The expected result is the segment of the entries that begins with the line containing "u A *\<^sub>R" and ends with the last line, copied verbatim.

•••••

lemma equilibrium_on_face_iff:
  assumes "Z \<in> convex hull (insert D S)" "Z \<notin> convex hull S"
  shows "equilibrium_on (convex hull (insert D S)) Z (convex hull S) \<longleftrightarrow>
    (\<exists>H \<in> rel_interior (convex hull S). S \<subseteq> perp_plane Z H)"
proof
  assume equilibrium: "equilibrium_on (convex hull (insert D S)) Z (convex hull S)"
  have "convex hull S \<subseteq> convex hull (insert D S)"
    by (rule hull_mono) auto
  then obtain Q where "Q \<in> rel_interior (convex hull S)" "convex hull S \<subseteq> perp_plane Z Q"
    by (rule equilibrium_on_imp_face_in_perp_plane[OF convex_convex_hull _ equilibrium])
  moreover have "S \<subseteq> convex hull S"
    by (rule hull_subset)
  ultimately show "\<exists>H \<in> rel_interior (convex hull S). S \<subseteq> perp_plane Z H"
    by blast
next
  assume "\<exists>H \<in> rel_interior (convex hull S). S \<subseteq> perp_plane Z H"
  then obtain H where H: "H \<in> rel_interior (convex hull S)" "S \<subseteq> perp_plane Z H" ..
  then have "H \<in> convex hull S"
    using rel_interior_subset by blast
  moreover from this have "Z \<noteq> H"
    using assms(2) by blast
  ultimately have "supports (perp_plane Z H) (convex hull (insert D S))"
    using H(2) assms(1) by (intro supports_perp_plane_at_foot)
  with H(1) show "equilibrium_on (convex hull (insert D S)) Z (convex hull S)"
    unfolding equilibrium_on_def ..
qed

lemma rel_interior_triangle_iff:
  fixes A B C :: point
  assumes "\<not> affine_dependent {A, B, C}" "A \<noteq> B" "A \<noteq> C" "B \<noteq> C"
  shows "H \<in> rel_interior (convex hull {A, B, C}) \<longleftrightarrow>
    (\<exists>a b c. 0 < a \<and> 0 < b \<and> 0 < c \<and> a + b + c = 1 \<and> H = a *\<^sub>R A + b *\<^sub>R B + c *\<^sub>R C)"
  unfolding rel_interior_convex_hull_explicit[OF assms(1)]
proof safe
  fix u :: "point \<Rightarrow> real"
  assume "\<forall>x\<in>{A, B, C}. 0 < u x" "sum u {A, B, C} = 1"
  with assms(2-4) show "\<exists>a b c. 0 < a \<and> 0 < b \<and> 0 < c \<and> a + b + c = 1 \<and>
      (\<Sum>x\<in>{A, B, C}. u x *\<^sub>R x) = a *\<^sub>R A + b *\<^sub>R B + c *\<^sub>R C"
    by (intro exI[of _ "u A"] exI[of _ "u B"] exI[of _ "u C"]) (simp add: algebra_simps)
next
  fix a b c :: real
  assume "0 < a" "0 < b" "0 < c" "a + b + c = 1"
  with assms(2-4) show "\<exists>u. (\<forall>x\<in>{A, B, C}. 0 < u x) \<and> sum u {A, B, C} = 1 \<and>
      (\<Sum>x\<in>{A, B, C}. u x *\<^sub>R x) = a *\<^sub>R A + b *\<^sub>R B + c *\<^sub>R C"
    by (intro exI[of _ "\<lambda>x. if x = A then a else if x = B then b else c"]) (simp add: algebra_simps)
qed

lemma tetrahedron_interior_coords:
  fixes A B C D :: point
  assumes "\<not> affine_dependent {A, B, C, D}" "card {A, B, C, D} = 4"
    and "V \<in> interior (convex hull {A, B, C, D})"
  obtains a b c d where "0 < a" "0 < b" "0 < c" "0 < d" "a + b + c + d = 1"
    "V = a *\<^sub>R A + b *\<^sub>R B + c *\<^sub>R C + d *\<^sub>R D"
proof -
  have distinct: "A \<noteq> B" "A \<noteq> C" "A \<noteq> D" "B \<noteq> C" "B \<noteq> D" "C \<noteq> D"
    using assms(2) by (auto simp: card_insert_if split: if_splits)
  obtain u where u: "\<forall>x\<in>{A, B, C, D}. 0 < u x" "sum u {A, B, C, D} = 1"
    "(\<Sum>x\<in>{A, B, C, D}. u x *\<^sub>R x) = V"
    using assms(3) unfolding interior_convex_hull_explicit[OF assms(1)] assms(2) by auto
  have "sum u {A, B, C, D} = u A + u B + u C + u D"
    "(\<Sum>x\<in>{A, B, C, D}. u x *\<^sub>R x) = u A *\<^sub>R A + u B *\<^sub>R B + u C *\<^sub>R C + u D *\<^sub>R D"
    using distinct by (simp_all add: add.assoc)
  with u show ?thesis
    by (intro that[of "u A" "u B" "u C" "u D"]) simp_all
qed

•••••

THE ANSWER:
    "(\<Sum>x\<in>{A, B, C, D}. u x *\<^sub>R x) = u A *\<^sub>R A + u B *\<^sub>R B + u C *\<^sub>R C + u D *\<^sub>R D"
    using distinct by (simp_all add: add.assoc)
  with u show ?thesis
    by (intro that[of "u A" "u B" "u C" "u D"]) simp_all
qed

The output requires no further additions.